• _EXTRACTED MATERIAL_:
lemma orthogonal_mult:
  fixes A B :: "'a :: comm_ring_1 mat"
  assumes A: "A \<in> carrier_mat n n" and B: "B \<in> carrier_mat n n"
    and "A\<^sup>T * A = 1\<^sub>m n" "B\<^sup>T * B = 1\<^sub>m n"
  shows "(A * B)\<^sup>T * (A * B) = 1\<^sub>m n"
proof -
  have "(A * B)\<^sup>T * (A * B) = B\<^sup>T * (A\<^sup>T * A) * B"
    using A B by (simp add: transpose_mult[OF A B] assoc_mult_mat[of _ n n _ n _ n] mult_carrier_mat[of _ n n _ n])
  then show ?thesis using A B assms(3,4) by simp
qed

lemma mult_transpose_congruence:
  fixes A V D :: "'a :: comm_ring_1 mat"
  assumes A: "A \<in> carrier_mat n n" and V: "V \<in> carrier_mat n n" and D: "D \<in> carrier_mat n n"
  shows "(A * V) * D * (A * V)\<^sup>T = A * (V * D * V\<^sup>T) * A\<^sup>T"
  using A V D by (simp add: transpose_mult[OF A V] assoc_mult_mat[of _ n n _ n _ n] mult_carrier_mat[of _ n n _ n])

lemma involution_conjugate:
  fixes H M :: "'a :: comm_ring_1 mat"
  assumes H: "H \<in> carrier_mat n n" and M: "M \<in> carrier_mat n n" and HH: "H * H = 1\<^sub>m n"
  shows "H * (H * M * H) * H = M"
proof -
  have "H * (H * M * H) * H = (H * H) * M * (H * H)"
    using H M by (simp add: assoc_mult_mat[of _ n n _ n _ n] mult_carrier_mat[of _ n n _ n])
  then show ?thesis using HH M by simp
qed

lemma reflection_deflates_eigenvector:
  fixes M H :: "real mat"
  assumes Mc: "M \<in> carrier_mat n n" and Hc: "H \<in> carrier_mat n n" and HH: "H * H = 1\<^sub>m n"
    and col: "\<forall>i<n. H $$ (i, 0) = u i" and ev: "\<forall>i<n. (\<Sum>j<n. M $$ (i, j) * u j) = r * u i"
    and i: "i < n"
  shows "(H * M * H) $$ (i, 0) = (if i = 0 then r else 0)"
proof -
  have n: "0 < n" using i by simp
  have HM: "H * M \<in> carrier_mat n n" using Hc Mc by simp
  have "(H * M * H) $$ (i, 0) = (\<Sum>k<n. (\<Sum>l<n. H $$ (i, l) * M $$ (l, k)) * u k)"
    using col by (simp add: index_mult_mat_sum[OF HM Hc i n] index_mult_mat_sum[OF Hc Mc i])
  also have "\<dots> = (\<Sum>k<n. \<Sum>l<n. H $$ (i, l) * (M $$ (l, k) * u k))"
    by (simp add: sum_distrib_right mult.assoc)
  also have "\<dots> = (\<Sum>l<n. H $$ (i, l) * (\<Sum>k<n. M $$ (l, k) * u k))"
    by (subst sum.swap) (simp add: sum_distrib_left)
  also have "\<dots> = r * (\<Sum>l<n. H $$ (i, l) * H $$ (l, 0))"
    using ev col by (simp add: sum_distrib_left algebra_simps)
  also have "\<dots> = r * (H * H) $$ (i, 0)" by (simp add: index_mult_mat_sum[OF Hc Hc i n])
  finally show ?thesis using HH i n by simp
qed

• _ASSIGNMENT_: Go through the data and show each line that holds "dots".

• _TASK RESULT_:
  also have "\<dots> = (\<Sum>k<n. \<Sum>l<n. H $$ (i, l) * (M $$ (l, k) * u k))"
  also have "\<dots> = (\<Sum>l<n. H $$ (i, l) * (\<Sum>k<n. M $$ (l, k) * u k))"
  also have "\<dots> = r * (\<Sum>l<n. H $$ (i, l) * H $$ (l, 0))"
  also have "\<dots> = r * (H * H) $$ (i, 0)" by (simp add: index_mult_mat_sum[OF Hc Hc i n])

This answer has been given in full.